A estos agravios de hondo calado deben sumarse otras expresiones literarias que se caracterizaron, en gran medida, por su inmediatez y celeridad. Ni un año había pasado después del asesinato de Sara Bell, y circulaban cuatro libros referidos al caso. El mercado de libros y librerías -nunca vigoroso- tuvo un notorio dinamismo en el periodo, sumando desde luego la entrega al calce de los periódicos de la novela de folletín. El autor identifica que estos textos no eran estrictamente literarios, pero tampoco periodísticos. Por obsesiones de quien escribe estas notas, merece atención particular el libro testimonial escrito por el teniente encargado de investigar el caso. En contraste con la sugerente interpretación de Cornejo -que observa un precedente de la “novela detectivesca”-, pareciera que se trata, en cambio, de un claro ejemplo del “policía escritor”, destacando un perfil que compartía muy pocos rasgos con los rústicos gendarmes, y muchos más con la burocracia medianamente instruida, en contacto con métodos de identificación, así como con ciertos saberes criminológicos divulgados en revistas de policía.1 A pesar de esta ligera diferencia, coincido en que este género de testimonios se inscribe de lleno en aquello que el autor denomina “literatura de actualidad”. Cabe subrayar que ese testimonio resulta de singular interés para entender la venalidad del jefe inmediato y del juez, lo mismo que el carácter umbral de la labor del detective, por su contacto inmediato con una variedad de actores sociales, que van desde sirvientas, choferes y bohemios hasta profesionistas y damas de sociedad.
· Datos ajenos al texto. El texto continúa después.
lemma noise_op_level_one_tendsto:
  "p \<ge> 2 \<Longrightarrow> ((\<lambda>\<epsilon>. (noise_op p n \<epsilon> f x - expect p n f) / noise_corr p \<epsilon>)
           \<longlongrightarrow> Re (level_one_part p n f x)) (at_left (1 - 1 / real p))"
  using tendsto_Re[OF noise_op_level_one_tendsto_complex] by simp

lemma sum_level_one_part_square:
  assumes p: "p \<ge> 2"
  shows "(\<Sum>x\<in>cube p n. (Re (level_one_part p n f x))\<^sup>2) = real p ^ n * W1 p n f"
proof -
  have "(Re (level_one_part p n f x))\<^sup>2 = (cmod (level_one_part p n f x))\<^sup>2" for x
    by (simp add: cmod_power2 Im_level_one_part[OF p])
  then show ?thesis
    using sum_norm_square_character_sum[of p "weight_one p n" n "fourier p n f"] p
    by (simp add: level_one_part_def W1_def weight_one_def)
qed
definition Tgeod :: "real \<Rightarrow> 'a::metric_space measure \<Rightarrow> 'a measure \<Rightarrow> (real \<Rightarrow> 'a measure) set" where
  "Tgeod p m n = {c. (\<forall>t\<in>{0..Wp p m n}. c t \<in> Pp p) \<and> c 0 = m \<and> c (Wp p m n) = n \<and>
      (\<forall>s\<in>{0..Wp p m n}. \<forall>t\<in>{0..Wp p m n}. Wp p (c s) (c t) = \<bar>s - t\<bar>)}"

definition co_ray :: "real \<Rightarrow> (real \<Rightarrow> 'a::metric_space measure) \<Rightarrow> (real \<Rightarrow> 'a measure) \<Rightarrow> bool" where
  "co_ray p l mu \<longleftrightarrow> is_ray p l \<and>
     (\<exists>(s::nat \<Rightarrow> real) (l0::nat \<Rightarrow> 'a measure) (ln::nat \<Rightarrow> real \<Rightarrow> 'a measure).
        filterlim s at_top sequentially \<and>
        (\<forall>n. l0 n \<in> Pp p) \<and>
        (\<lambda>n. Wp p (l0 n) (l 0)) \<longlonglongrightarrow> 0 \<and>
        (\<forall>n. ln n \<in> Tgeod p (l0 n) (mu (s n))) \<and>
        (\<forall>t\<ge>0. (\<lambda>n. Wp p (ln n t) (l t)) \<longlonglongrightarrow> 0))"

end

(* For a ray l, the co-ray condition is equivalent to a locally uniform one: there are points
   mu s with s arbitrarily large and W_p-geodesics towards them, starting near l 0, that stay
   uniformly close to l on any given [0, T]; indeed pointwise convergence of 1-Lipschitz curves
   is uniform on compact intervals. The uniform condition passes from the shifted rays
   nu (t + t_n) to nu, because W_p (nu (t + t_n), nu t) = t_n tends to 0, and a diagonal choice
   turns it back into the co-ray condition for nu. Only the triangle inequality for W_p is
   needed; it is proved by gluing nearly optimal couplings along a fine countable Borel
   partition of the separable space. *)

theory Submission
  imports Defs
begin

lemma convex_on_powr_nonneg:
  assumes "p \<ge> 1"
  shows "convex_on {0..} (\<lambda>x::real. x powr p)"
proof (rule convex_on_linorderI)
  fix t x y :: real
  assume t: "0 < t" "t < 1" and x: "x \<in> {0..}" and y: "y \<in> {0..}" and "x < y"
  show "((1 - t) *\<^sub>R x + t *\<^sub>R y) powr p \<le> (1 - t) * x powr p + t * y powr p"
  proof (cases "x = 0")
    case True
    have "t powr p \<le> t powr 1"
      using t assms by (intro powr_mono') auto
    then have "t powr p * y powr p \<le> t * y powr p"
      using t by (intro mult_right_mono) auto
    then show ?thesis
      using True assms by (simp add: powr_mult)
  next
    case False
    then show ?thesis
      using convex_onD[OF powr_convex[OF assms], of t x y] t x y \<open>x < y\<close> by auto
  qed
qed (rule convex_real_interval)
lemma integral_fejer_exp_sum_square:
  assumes "finite K" and sep: "\<And>j k. j \<in> K \<Longrightarrow> k \<in> K \<Longrightarrow> j \<noteq> k \<Longrightarrow> 2 \<le> \<bar>w j - w k\<bar>"
  shows "(LINT x|lborel. fejer x * (norm (\<Sum>k\<in>K. cis (w k * x)))\<^sup>2) = real (card K) * (LINT x|lborel. fejer x)"
proof -
  let ?e = "\<lambda>l x. of_real (fejer x) * cis (- (x * l))"
  have integrable: "integrable lborel (?e l)" for l
    by (intro integrable_fourier_integrand) (simp add: integrable_fejer)
  have expand: "of_real (fejer x * (norm (\<Sum>k\<in>K. cis (w k * x)))\<^sup>2) = (\<Sum>j\<in>K. \<Sum>k\<in>K. ?e (w k - w j) x)" for x
  proof -
    have cis_diff: "cis (w j * x) * cnj (cis (w k * x)) = cis (- (x * (w k - w j)))" for j k
      by (simp add: cis_cnj cis_mult algebra_simps)
    let ?S = "\<Sum>k\<in>K. cis (w k * x)"
    have "of_real (fejer x * (norm ?S)\<^sup>2) = of_real (fejer x) * (?S * cnj ?S)"
      by (simp only: of_real_mult complex_norm_square)
    also have "?S * cnj ?S = (\<Sum>j\<in>K. \<Sum>k\<in>K. cis (- (x * (w k - w j))))"
      by (simp only: cnj_sum sum_product cis_diff)
    finally show ?thesis
      by (simp add: sum_distrib_left)
  qed
  have diagonal: "(\<Sum>k\<in>K. fourier (\<lambda>x. of_real (fejer x)) (w k - w j)) = of_real (LINT x|lborel. fejer x)"
    if "j \<in> K" for j
  proof -
    have "(\<Sum>k\<in>K. fourier (\<lambda>x. of_real (fejer x)) (w k - w j))
        = (\<Sum>k\<in>K. if k = j then of_real (LINT x|lborel. fejer x) else 0)"
      using sep[of _ j] that by (intro sum.cong refl) (auto simp: fourier_fejer_0 fourier_fejer_eq_0)
    then show ?thesis
      using \<open>finite K\<close> that by simp
  qed
  have "of_real (LINT x|lborel. fejer x * (norm (\<Sum>k\<in>K. cis (w k * x)))\<^sup>2)
      = (\<Sum>j\<in>K. \<Sum>k\<in>K. fourier (\<lambda>x. of_real (fejer x)) (w k - w j))"
    unfolding integral_complex_of_real[symmetric] expand fourier_cis
    by (simp add: Bochner_Integration.integral_sum Bochner_Integration.integrable_sum integrable)
  also have "\<dots> = of_real (real (card K) * (LINT x|lborel. fejer x))"
    by (simp add: diagonal)
  finally show ?thesis
    by (simp only: of_real_eq_iff)
qed

lemma weighted_am_gm:
  fixes f y n :: real
  assumes "0 \<le> f" "0 < n"
  shows "f * y \<le> (f * y\<^sup>2 / n + n * f) / 2"
proof -
  have "2 * (y * n) \<le> y\<^sup>2 + n\<^sup>2"
    using sum_squares_bound[of y n] by simp
  then have "y \<le> (y\<^sup>2 / n + n) / 2"
    using \<open>0 < n\<close> by (simp add: field_simps power2_eq_square)
  then have "f * y \<le> f * ((y\<^sup>2 / n + n) / 2)"
    by (rule mult_left_mono[OF _ \<open>0 \<le> f\<close>])
  also have "\<dots> = (f * y\<^sup>2 / n + n * f) / 2"
    by (simp add: algebra_simps add_divide_distrib)
  finally show ?thesis .
qed

lemma L1norm_fejer_exp_sum_le:
  assumes "finite K" and sep: "\<And>j k. j \<in> K \<Longrightarrow> k \<in> K \<Longrightarrow> j \<noteq> k \<Longrightarrow> 2 \<le> \<bar>w j - w k\<bar>"
  shows "L1norm (\<lambda>x. of_real (fejer x) * (\<Sum>k\<in>K. cis (w k * x)))
           \<le> ennreal ((LINT x|lborel. fejer x) * sqrt (real (card K)))"
proof (cases "K = {}")
  case False
  let ?A = "LINT x|lborel. fejer x"
  let ?n = "sqrt (real (card K))"
  let ?N = "\<lambda>x. norm (\<Sum>k\<in>K. cis (w k * x))"
  have n: "0 < ?n"
    using False \<open>finite K\<close> by (simp add: card_gt_0_iff)
  have N_le: "?N x \<le> real (card K)" for x
    by (rule order_trans[OF norm_sum]) simp
  have integrable_sum: "integrable lborel (\<lambda>x. of_real (fejer x) * (\<Sum>k\<in>K. cis (w k * x)))"
  proof (rule Bochner_Integration.integrable_bound[OF integrable_mult_left[OF integrable_fejer]])
    show "AE x in lborel. norm (of_real (fejer x) * (\<Sum>k\<in>K. cis (w k * x))) \<le> norm (fejer x * real (card K))"
      using N_le fejer_nonneg by (intro AE_I2) (simp add: norm_mult mult_left_mono)
  qed measurable
  have integrable_square: "integrable lborel (\<lambda>x. fejer x * (?N x)\<^sup>2)"
  proof (rule Bochner_Integration.integrable_bound[OF integrable_mult_left[OF integrable_fejer]])
    show "AE x in lborel. norm (fejer x * (?N x)\<^sup>2) \<le> norm (fejer x * (real (card K))\<^sup>2)"
      using N_le fejer_nonneg by (intro AE_I2) (simp add: abs_mult mult_left_mono power_mono)
  qed measurable
  \<comment> \<open>AM-GM with the weight \<open>?n\<close>, chosen so that both terms integrate to \<open>?n * ?A\<close>\<close>
  have am_gm: "fejer x * ?N x \<le> (fejer x * (?N x)\<^sup>2 / ?n + ?n * fejer x) / 2" for x
    by (rule weighted_am_gm[OF fejer_nonneg n])
  have "(LINT x|lborel. norm (of_real (fejer x) * (\<Sum>k\<in>K. cis (w k * x))))
      \<le> (LINT x|lborel. (fejer x * (?N x)\<^sup>2 / ?n + ?n * fejer x) / 2)"
    using am_gm integrable_square integrable_fejer integrable_norm[OF integrable_sum]
    by (intro integral_mono) (auto simp: norm_mult fejer_nonneg)
  also have "\<dots> = (real (card K) * ?A / ?n + ?n * ?A) / 2"
    using integrable_square integrable_fejer
    by (simp add: integral_fejer_exp_sum_square[OF assms])
  also have "\<dots> = ?A * ?n"
    using n by (simp add: field_simps)
  finally show ?thesis
    by (simp add: L1norm_eq_integral[OF integrable_sum] ennreal_leI)
qed (simp add: L1norm_def)

lemma norm_packet_sum_ge:
  assumes "finite K" and sep: "\<And>j k. j \<in> K \<Longrightarrow> k \<in> K \<Longrightarrow> j \<noteq> k \<Longrightarrow> 2 * L \<le> \<bar>c j - c k\<bar>"
  shows "(\<Sum>k\<in>K. if \<bar>x - c k\<bar> < L then fejer (x - c k) else - fejer (x - c k)) \<le> norm (packet_sum c w K x)"
proof (cases "\<exists>k0\<in>K. \<bar>x - c k0\<bar> < L")
  case False
  then have "(\<Sum>k\<in>K. if \<bar>x - c k\<bar> < L then fejer (x - c k) else - fejer (x - c k)) = (\<Sum>k\<in>K. - fejer (x - c k))"
    by (intro sum.cong) auto
  also have "\<dots> \<le> 0"
    by (intro sum_nonpos) (simp add: fejer_nonneg)
  finally show ?thesis
    by (rule order_trans) simp
next
  case True
  then obtain k0 where k0: "k0 \<in> K" "\<bar>x - c k0\<bar> < L"
    by blast
  \<comment> \<open>\<open>x\<close> is close to at most one of the well separated centres \<open>c k\<close>\<close>
  have far: "\<not> \<bar>x - c k\<bar> < L" if "k \<in> K - {k0}" for k
    using sep[of k k0] that k0 by auto
  have "(\<Sum>k\<in>K. if \<bar>x - c k\<bar> < L then fejer (x - c k) else - fejer (x - c k))
      = fejer (x - c k0) - (\<Sum>k\<in>K - {k0}. fejer (x - c k))"
    using \<open>finite K\<close> k0 far by (simp add: sum.remove sum_negf[symmetric])
  also have "\<dots> \<le> norm (fejer_packet (c k0) (w k0) x) - norm (\<Sum>k\<in>K - {k0}. fejer_packet (c k) (w k) x)"
    using norm_sum[of "\<lambda>k. fejer_packet (c k) (w k) x" "K - {k0}"] by (simp add: norm_fejer_packet)
  also have "\<dots> \<le> norm (fejer_packet (c k0) (w k0) x + (\<Sum>k\<in>K - {k0}. fejer_packet (c k) (w k) x))"
    by (rule norm_diff_ineq)
  also have "\<dots> = norm (packet_sum c w K x)"
    unfolding packet_sum_def using \<open>finite K\<close> k0 by (simp add: sum.remove)
  finally show ?thesis .
qed

lemma L1norm_packet_sum_ge:
  assumes "finite K" and sep: "\<And>j k. j \<in> K \<Longrightarrow> k \<in> K \<Longrightarrow> j \<noteq> k \<Longrightarrow> 2 * L \<le> \<bar>c j - c k\<bar>"
  shows "ennreal (real (card K) * ((LINT x|lborel. fejer x) - 2 * fejer_tail L)) \<le> L1norm (packet_sum c w K)"
proof -
  define r where "r y = fejer y - 2 * (indicator {y. L \<le> \<bar>y\<bar>} y * fejer y)" for y
  have r_eq: "r y = (if \<bar>y\<bar> < L then fejer y else - fejer y)" for y
    by (auto simp: r_def indicator_def)
  have integrable_r: "integrable lborel (\<lambda>x. r (x - c))" for c
    unfolding r_def by (intro integrable_shift integrable_fejer integrable_fejer_tail Bochner_Integration.integrable_diff integrable_mult_right)
  have "(LINT x|lborel. r (x - c)) = (LINT x|lborel. fejer x) - 2 * fejer_tail L" for c
    unfolding integral_shift[of r]
    by (simp add: r_def[abs_def] fejer_tail_def integrable_fejer integrable_fejer_tail)
  then have "real (card K) * ((LINT x|lborel. fejer x) - 2 * fejer_tail L) = (\<Sum>k\<in>K. LINT x|lborel. r (x - c k))"
    by simp
  also have "\<dots> = (LINT x|lborel. (\<Sum>k\<in>K. r (x - c k)))"
    by (rule Bochner_Integration.integral_sum[symmetric]) (rule integrable_r)
  also have "\<dots> \<le> (LINT x|lborel. norm (packet_sum c w K x))"
  proof (rule integral_mono)
    show "(\<Sum>k\<in>K. r (x - c k)) \<le> norm (packet_sum c w K x)" for x
      using norm_packet_sum_ge[OF \<open>finite K\<close> sep] by (simp add: r_eq)
  qed (auto intro: integrable_r integrable_norm integrable_packet_sum)
  finally show ?thesis
    unfolding L1norm_eq_integral[OF integrable_packet_sum] by (rule ennreal_leI)
qed

section \<open>The multiplier\<close>

lemma not_bounded_H1_multiplierI:
  assumes "\<And>n::nat. \<exists>h g. H1_H2 h \<and> is_Tm m h g \<and> ennreal (real n) * L1norm h < L1norm g"
  shows "\<not> bounded_H1_multiplier m"
proof
  assume "bounded_H1_multiplier m"
  then obtain C where C: "\<And>h g. H1_H2 h \<and> is_Tm m h g \<Longrightarrow> L1norm g \<le> ennreal C * L1norm h"
    unfolding bounded_H1_multiplier_def by blast
  obtain h g where hg: "H1_H2 h" "is_Tm m h g" and less: "ennreal (real (nat \<lceil>C\<rceil>)) * L1norm h < L1norm g"
    using assms by blast
  have "ennreal C \<le> ennreal (real (nat \<lceil>C\<rceil>))"
    by (intro ennreal_leI) linarith
  then have "L1norm g \<le> ennreal (real (nat \<lceil>C\<rceil>)) * L1norm h"
    using C[OF conjI[OF hg]] by (meson mult_right_mono order_trans zero_le)
  with less show False
    by simp
qed

text \<open>\<open>7/8 * 2^k\<close> is the centre of the plateau \<open>[3/4 * 2^k, 2^k]\<close> of \<open>\<psi>\<^sub>k\<close>; for \<open>k \<ge> 4\<close> the spectrum
  \<open>[7/8 * 2^k - 2, 7/8 * 2^k + 2]\<close> of a Fejer packet with this frequency lies inside it.\<close>

definition plateau_freq :: "nat \<Rightarrow> real" where
  "plateau_freq k = 7/8 * 2 ^ k"

lemma plateau_freq_ge_2: "2 \<le> k \<Longrightarrow> 2 \<le> plateau_freq k"
  using power_increasing[of 2 k "2::real"] by (simp add: plateau_freq_def)

lemma plateau_freq_separated:
  assumes "2 \<le> j" "2 \<le> k" "j \<noteq> k"
  shows "2 \<le> \<bar>plateau_freq j - plateau_freq k\<bar>"
proof -
  have gap: "2 \<le> plateau_freq q - plateau_freq p" if "2 \<le> p" "p < q" for p q
  proof -
    have "(2::real) ^ Suc p \<le> 2 ^ q"
      using that by (intro power_increasing) auto
    moreover have "(2::real) ^ 2 \<le> 2 ^ p"
      using that by (intro power_increasing) auto
    ultimately show ?thesis
      unfolding plateau_freq_def by simp
  qed
  show ?thesis
    using gap[of j k] gap[of k j] assms by (cases "j < k") auto
qed

lemma L1norm_plateau_packets_le:
  assumes "finite K" "\<And>k. k \<in> K \<Longrightarrow> 2 \<le> k"
  shows "L1norm (packet_sum (\<lambda>_. 0) plateau_freq K) \<le> ennreal ((LINT x|lborel. fejer x) * sqrt (real (card K)))"
proof -
  have "packet_sum (\<lambda>_. 0) plateau_freq K = (\<lambda>x. of_real (fejer x) * (\<Sum>k\<in>K. cis (plateau_freq k * x)))"
    by (simp add: fun_eq_iff packet_sum_def fejer_packet_def sum_distrib_left)
  then show ?thesis
    using assms(2) by (simp add: L1norm_fejer_exp_sum_le[OF assms(1)] plateau_freq_separated)
qed
(* Assume the context distribution is stationary, i.e. $p(x,t)=p(x)p(t)$ on $\mathcal{X}\times[0,T]$ and $p(x\mid t')=p(x)$. Suppose $\pi_0(a\mid x,t)>0$ for all $x\in\mathcal{X}$, $t\in[0,T]$, $a\in\mathcal{A}$; that $p(\phi(t'))>0$; and that $\Delta_q(x,t,t',a)=\Delta_{\hat f}(x,t,t',a)$ for all $x\in\mathcal{X}$, $a\in\mathcal{A}$ and $t\in[0,T]$ with $\mathbb{I}_\phi(t,t')=1$. Then $$n\,\mathbb{V}_{\mathcal{D}}\big[\nabla_\zeta\hat V^{\mathrm{OPFV}}_{t'}(\pi_\zeta;\mathcal{D})\big]=\mathbb{E}_{p(x,t)\pi_0(a\mid x,t)}\!\left[\Big(\frac{\mathbb{I}_\phi(t,t')}{p(\phi(t'))}\frac{\pi_\zeta(a\mid x,t')}{\pi_0(a\mid x,t)}s_\zeta(x,t',a)\Big)^2\sigma^2(x,t,a)\right]$$ $$+\mathbb{E}_{p(x,t)}\!\left[\Big(\frac{\mathbb{I}_\phi(t,t')}{p(\phi(t'))}\Big)^2\mathbb{V}_{\pi_0(a\mid x,t)}\!\Big[\frac{\pi_\zeta(a\mid x,t')}{\pi_0(a\mid x,t)}\Delta_{q,\hat f}(x,t',a)s_\zeta(x,t',a)\Big]\right]$$ $$+\mathbb{V}_{p(t)}\!\left[\frac{\mathbb{I}_\phi(t,t')}{p(\phi(t'))}\right]\mathbb{E}_{p(x)}\!\left[\mathbb{E}_{\pi_\zeta(a\mid x,t')}\big[\Delta_{q,\hat f}(x,t',a)s_\zeta(x,t',a)\big]^2\right]+\mathbb{V}_{p(x)}\!\left[\mathbb{E}_{\pi_\zeta(a\mid x,t')}[q(x,t',a)s_\zeta(x,t',a)]\right].$$
   Context: Contexts $x\in\mathcal{X}$, finite action set $\mathcal{A}$, continuous time $t$, rewards $r\in[0,r_{\max}]$. Logged data $\mathcal{D}=\{(x_i,t_i,a_i,r_i)\}_{i=1}^n$: $n$ i.i.d. draws $(x,t)\sim p(x,t)$ supported on $\mathcal{X}\times[0,T]$, $a\sim\pi_0(a\mid x,t)$, $r\sim p(r\mid x,t,a)$; reward distributions defined for all $t\ge0$; $q(x,t,a)=\mathbb{E}[r\mid x,t,a]$, $\sigma^2(x,t,a)=\mathbb{V}[r\mid x,t,a]$. Target time $t'>T$. $\pi_\zeta(a\mid x,t)$ is a policy differentiable in a parameter vector $\zeta$, with score $s_\zeta(x,t,a)=\nabla_\zeta\log\pi_\zeta(a\mid x,t)$. A time feature function $\phi$ maps times to labels; $\mathbb{I}_\phi(t,t')=\mathbb{I}\{\phi(t)=\phi(t')\}$, $p(\phi(t'))=\int_0^Tp(s)\mathbb{I}_\phi(s,t')ds$ with $p(t)$ the marginal density of $t$. $\hat f$ is a fixed regressor. The OPFV gradient estimator is $$\nabla_\zeta\hat V^{\mathrm{OPFV}}_{t'}(\pi_\zeta;\mathcal{D})=\frac1n\sum_{i=1}^n\left\{\frac{\mathbb{I}_\phi(t_i,t')}{p(\phi(t'))}\frac{\pi_\zeta(a_i\mid x_i,t')}{\pi_0(a_i\mid x_i,t_i)}\big(r_i-\hat f(x_i,t_i,a_i)\big)s_\zeta(x_i,t',a_i)+\mathbb{E}_{\pi_\zeta(a\mid x_i,t')}\big[\hat f(x_i,t',a)s_\zeta(x_i,t',a)\big]\right\}.$$ $\Delta_q(x,t,t',a)=q(x,t,a)-q(x,t',a)$, $\Delta_{\hat f}(x,t,t',a)=\hat f(x,t,a)-\hat f(x,t',a)$, $\Delta_{q,\hat f}(x,t,a)=q(x,t,a)-\hat f(x,t,a)$. Variances and squares of vector-valued quantities are understood coordinatewise (the identity holds for each coordinate of $\zeta$, with $s_\zeta$ replaced by its corresponding coordinate). *)

theory Defs
  imports "HOL-Probability.Probability"
begin

definition Ex :: "'b measure \<Rightarrow> ('b \<Rightarrow> real) \<Rightarrow> real" where
  "Ex M f = (\<integral>y. f y \<partial>M)"

definition Var :: "'b measure \<Rightarrow> ('b \<Rightarrow> real) \<Rightarrow> real" where
  "Var M f = (\<integral>y. (f y - Ex M f)\<^sup>2 \<partial>M)"

definition aexp :: "('a::finite \<Rightarrow> real) \<Rightarrow> ('a \<Rightarrow> real) \<Rightarrow> real" where
  "aexp w g = (\<Sum>a\<in>UNIV. w a * g a)"

definition avar :: "('a::finite \<Rightarrow> real) \<Rightarrow> ('a \<Rightarrow> real) \<Rightarrow> real" where
  "avar w g = (\<Sum>a\<in>UNIV. w a * (g a - aexp w g)\<^sup>2)"

definition actdist :: "('a::finite \<Rightarrow> real) \<Rightarrow> 'a measure" where
  "actdist w = density (count_space UNIV) (\<lambda>a. ennreal (w a))"

text \<open>Law of one logged sample (x,t,a,r): (x,t) ~ px \<times> pt (stationary contexts),
  a ~ pi0(.|x,t), r ~ R x t a.\<close>
definition sample_law ::
  "'x measure \<Rightarrow> real measure \<Rightarrow> ('x \<Rightarrow> real \<Rightarrow> 'a::finite \<Rightarrow> real)
    \<Rightarrow> ('x \<Rightarrow> real \<Rightarrow> 'a \<Rightarrow> real measure) \<Rightarrow> ('x \<times> real \<times> 'a \<times> real) measure" where
  "sample_law px pt pi0 R =
     (px \<Otimes>\<^sub>M pt) \<bind> (\<lambda>(x, t). actdist (pi0 x t) \<bind>
        (\<lambda>a. distr (R x t a) (px \<Otimes>\<^sub>M borel \<Otimes>\<^sub>M count_space UNIV \<Otimes>\<^sub>M borel) (\<lambda>r. (x, t, a, r))))"

text \<open>p(phi(t')) = \<integral>_0^T p(s) I{phi(s) = phi(t')} ds, i.e. the pt-probability of {s in [0,T]. phi s = phi t'}.\<close>
definition pphi :: "real measure \<Rightarrow> real \<Rightarrow> (real \<Rightarrow> 'l) \<Rightarrow> real \<Rightarrow> real" where
  "pphi pt T \<phi> t' = measure pt {s \<in> {0..T}. \<phi> s = \<phi> t'}"

text \<open>Per-sample OPFV gradient term (one coordinate of zeta; \<open>piz\<close> = pi_zeta, \<open>s\<close> = score coordinate).\<close>
definition opfv_term ::
  "real measure \<Rightarrow> real \<Rightarrow> (real \<Rightarrow> 'l) \<Rightarrow> real \<Rightarrow> ('x \<Rightarrow> real \<Rightarrow> 'a::finite \<Rightarrow> real)
    \<Rightarrow> ('x \<Rightarrow> real \<Rightarrow> 'a \<Rightarrow> real) \<Rightarrow> ('x \<Rightarrow> real \<Rightarrow> 'a \<Rightarrow> real) \<Rightarrow> ('x \<Rightarrow> real \<Rightarrow> 'a \<Rightarrow> real)
    \<Rightarrow> 'x \<times> real \<times> 'a \<times> real \<Rightarrow> real" where
  "opfv_term pt T \<phi> t' pi0 piz fhat s = (\<lambda>(x, t, a, r).
     (if \<phi> t = \<phi> t' then 1 else 0) / pphi pt T \<phi> t' * (piz x t' a / pi0 x t a)
       * (r - fhat x t a) * s x t' a
     + aexp (piz x t') (\<lambda>b. fhat x t' b * s x t' b))"

definition opfv_grad ::
  "nat \<Rightarrow> real measure \<Rightarrow> real \<Rightarrow> (real \<Rightarrow> 'l) \<Rightarrow> real \<Rightarrow> ('x \<Rightarrow> real \<Rightarrow> 'a::finite \<Rightarrow> real)
    \<Rightarrow> ('x \<Rightarrow> real \<Rightarrow> 'a \<Rightarrow> real) \<Rightarrow> ('x \<Rightarrow> real \<Rightarrow> 'a \<Rightarrow> real) \<Rightarrow> ('x \<Rightarrow> real \<Rightarrow> 'a \<Rightarrow> real)
    \<Rightarrow> (nat \<Rightarrow> 'x \<times> real \<times> 'a \<times> real) \<Rightarrow> real" where
  "opfv_grad n pt T \<phi> t' pi0 piz fhat s D =
     (1 / real n) * (\<Sum>i<n. opfv_term pt T \<phi> t' pi0 piz fhat s (D i))"

end

theory Submission
  imports Defs
begin

(* Write Y for one summand of the estimator. The n samples are i.i.d., so
   n Var[grad] = Var[Y]. Conditionally on the context (x, t), Y is affine in the reward r, and the
   hypothesis Delta_q = Delta_fhat on the bin of t' turns its conditional mean into
   w(t) H(x) + G(x), where w(t) = I(phi t = phi t') / p(phi t'), H(x) = E_{pi_zeta}[(q - fhat) s] and
   G(x) = E_{pi_zeta}[fhat s], all evaluated at time t'. The law of total variance splits Var[Y] into
   the expected conditional variance, which gives the reward-noise term and the action-sampling term,
   plus the variance of w(t) H(x) + G(x). Since x and t are independent and E[w] = 1, the latter equals
   Var[w] E[H^2] + Var[H + G], and H + G = E_{pi_zeta}[q s]. *)

section \<open>Moments and variances\<close>

lemma Var_eq:
  fixes f :: "'b \<Rightarrow> real"
  assumes "prob_space M" "integrable M f" "integrable M (\<lambda>x. (f x)\<^sup>2)"
  shows "Var M f = Ex M (\<lambda>x. (f x)\<^sup>2) - (Ex M f)\<^sup>2"
  using prob_space.variance_eq[OF assms] by (simp add: Var_def Ex_def)

lemma Var_cong_AE:
  fixes f g :: "'b \<Rightarrow> real"
  assumes "f \<in> borel_measurable M" "g \<in> borel_measurable M" "AE x in M. f x = g x"
  shows "Var M f = Var M g"
proof -
  have "Ex M f = Ex M g"
    unfolding Ex_def using assms by (rule integral_cong_AE)
  then show ?thesis
    unfolding Var_def using assms by (intro integral_cong_AE) (auto elim: eventually_mono)
qed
Ahora bien, la simultaneidad de las voces sólo puede entenderse a cabalidad tras una lectura íntegra, desde luego, pero esta deja al lector inmerso en espirales de fenómenos comunicativos. Acaso la mayor dificultad estriba en jerarquizar la multiplicidad de voces y géneros, pues si bien el crisol social del conflicto se revela en toda su riqueza, permanecen relativamente ambiguos los efectos en la práctica. Sin embargo, muestra conexiones por medio de productores (incluso empresarios) culturales. El multifacético Lathrop le permite atar varios cabos: activo escritor y editor, luego fundador de una publicación satírica que, a su vez, fue una respuesta elocuente a la censura impuesta por las autoridades a la obra de teatro que dedicó al caso Sara Bell. La complicación expositiva no es menor, porque el relato no puede evolucionar más allá de los límites impuestos por el “crimen de la calle Fontecilla”. Para entender “en funcionamiento” diversas expresiones culturales, explica diacrónicamente la evolución de los soportes impresos. En esencia, resulta grato y de interés leer este libro como una propuesta sólida para analizar y explicar la esfera pública en tanto “instancia de mediación entre el Estado y la sociedad civil” (p. 26). Los cruces e intercambios, como por ejemplo la apropiación y reproducción de noticias e imágenes, hacen de este un libro que complejiza fenómenos comunicativos, experiencias urbanas y conflictos socioculturales. Para terminar, las voces que circularon en el Santiago del novecientos lograron su estabilidad en la cultura escrita, que Cornejo va desbrozando como ondas concéntricas en torno a un caso. Cada onda precisó entretejer ejes vinculados, pero con agendas historiográficas propias: historia de la criminalidad y la justicia en menor medida y, con mucho mayor peso, historia de las representaciones, mediaciones, oralidad y escritura, imágenes e imaginarios y, en menor medida, de la recepción. Todo ello sin perder de vista problemas y perspectivas de la historia social.

1Para las prácticas de escritura en los agentes policiales de América del Sur, véase Diego A. Galeano y Marcos L. Bretas (eds.), Policías escritores, delitos impresos. Revistas policiales en América del Sur, La Plata, Teseo, 2016.